▶ [Requirement]: For the word "lambda", copy every line of the material that includes it.

▶ [Input material]:

theorem theorem2:
  fixes m :: nat and ns :: "nat list" and A B :: tensor and xb :: vec
  defines "n \<equiv> sum_list ns"
  assumes m: "m \<ge> 1"
    and r: "ns \<noteq> []"
    and blocks: "\<forall>i<length ns. ns ! i \<ge> 1"
    and symA: "symmetric_tensor m n A"
    and symB: "symmetric_tensor m n B"
    and posA: "\<forall>x. inK ns x \<and> nonzero n x \<longrightarrow> tpow m n A x > 0"
    and stat: "stationary m ns A B xb"
  shows "nonzero n xb \<and> inK ns xb \<and>
         (let w = (\<lambda>k. lam m n A B xb * tvec m n A xb k - tvec m n B xb k)
          in inK ns w \<and> inner_n n xb w = 0)"
proof -
  have blocks': "\<forall>i<length ns. 0 < ns ! i"
    using blocks by auto
  have feas: "feasible ns xb"
    using stat by (simp add: stationary_def)
  have xK: "inK ns xb"
    using feas by (rule feasible_imp_inK)
  have nz: "nonzero n xb"
    using feas by (intro nonzero_if_inner_n_nonzero[of n "evec ns"]) (simp add: feasible_def n_def)
  have pos: "0 < tpow m n A xb"
    using posA xK nz by blast
  obtain \<beta> \<gamma> where sign: "\<forall>l<length ns. 0 \<le> \<beta> l \<and> 0 \<le> \<gamma> l"
    and residual: "\<forall>k<n. eigen_residual m n A B xb k = tpow m n A xb / real m * cone_gradient_comb ns \<beta> \<gamma> xb k"
    by (rule stationary_imp_eigen_residual_eq[OF stat symA[unfolded n_def] symB[unfolded n_def] m blocks'
          pos[unfolded n_def], folded n_def])
  have "inK ns (\<lambda>k. tpow m n A xb / real m * cone_gradient_comb ns \<beta> \<gamma> xb k)"
    using pos by (intro inK_scale inK_cone_gradient_comb[OF blocks' xK sign]) simp
  moreover have "inK ns (eigen_residual m n A B xb)
      \<longleftrightarrow> inK ns (\<lambda>k. tpow m n A xb / real m * cone_gradient_comb ns \<beta> \<gamma> xb k)"
    using residual by (intro inK_cong[OF blocks']) (simp add: n_def)
  ultimately have "inK ns (eigen_residual m n A B xb)"
    by simp
  moreover have "inner_n n xb (eigen_residual m n A B xb) = 0"
    using inner_n_eigen_residual[OF m] pos by simp
  moreover have "(\<lambda>k. lam m n A B xb * tvec m n A xb k - tvec m n B xb k) = eigen_residual m n A B xb"
    by (simp add: fun_eq_iff eigen_residual_def)
  ultimately show ?thesis
    using nz xK by (simp add: Let_def)
qed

▶ [Answer to the problem]:
         (let w = (\<lambda>k. lam m n A B xb * tvec m n A xb k - tvec m n B xb k)
  have "inK ns (\<lambda>k. tpow m n A xb / real m * cone_gradient_comb ns \<beta> \<gamma> xb k)"
      \<longleftrightarrow> inK ns (\<lambda>k. tpow m n A xb / real m * cone_gradient_comb ns \<beta> \<gamma> xb k)"
  moreover have "(\<lambda>k. lam m n A B xb * tvec m n A xb k - tvec m n B xb k) = eigen_residual m n A B xb"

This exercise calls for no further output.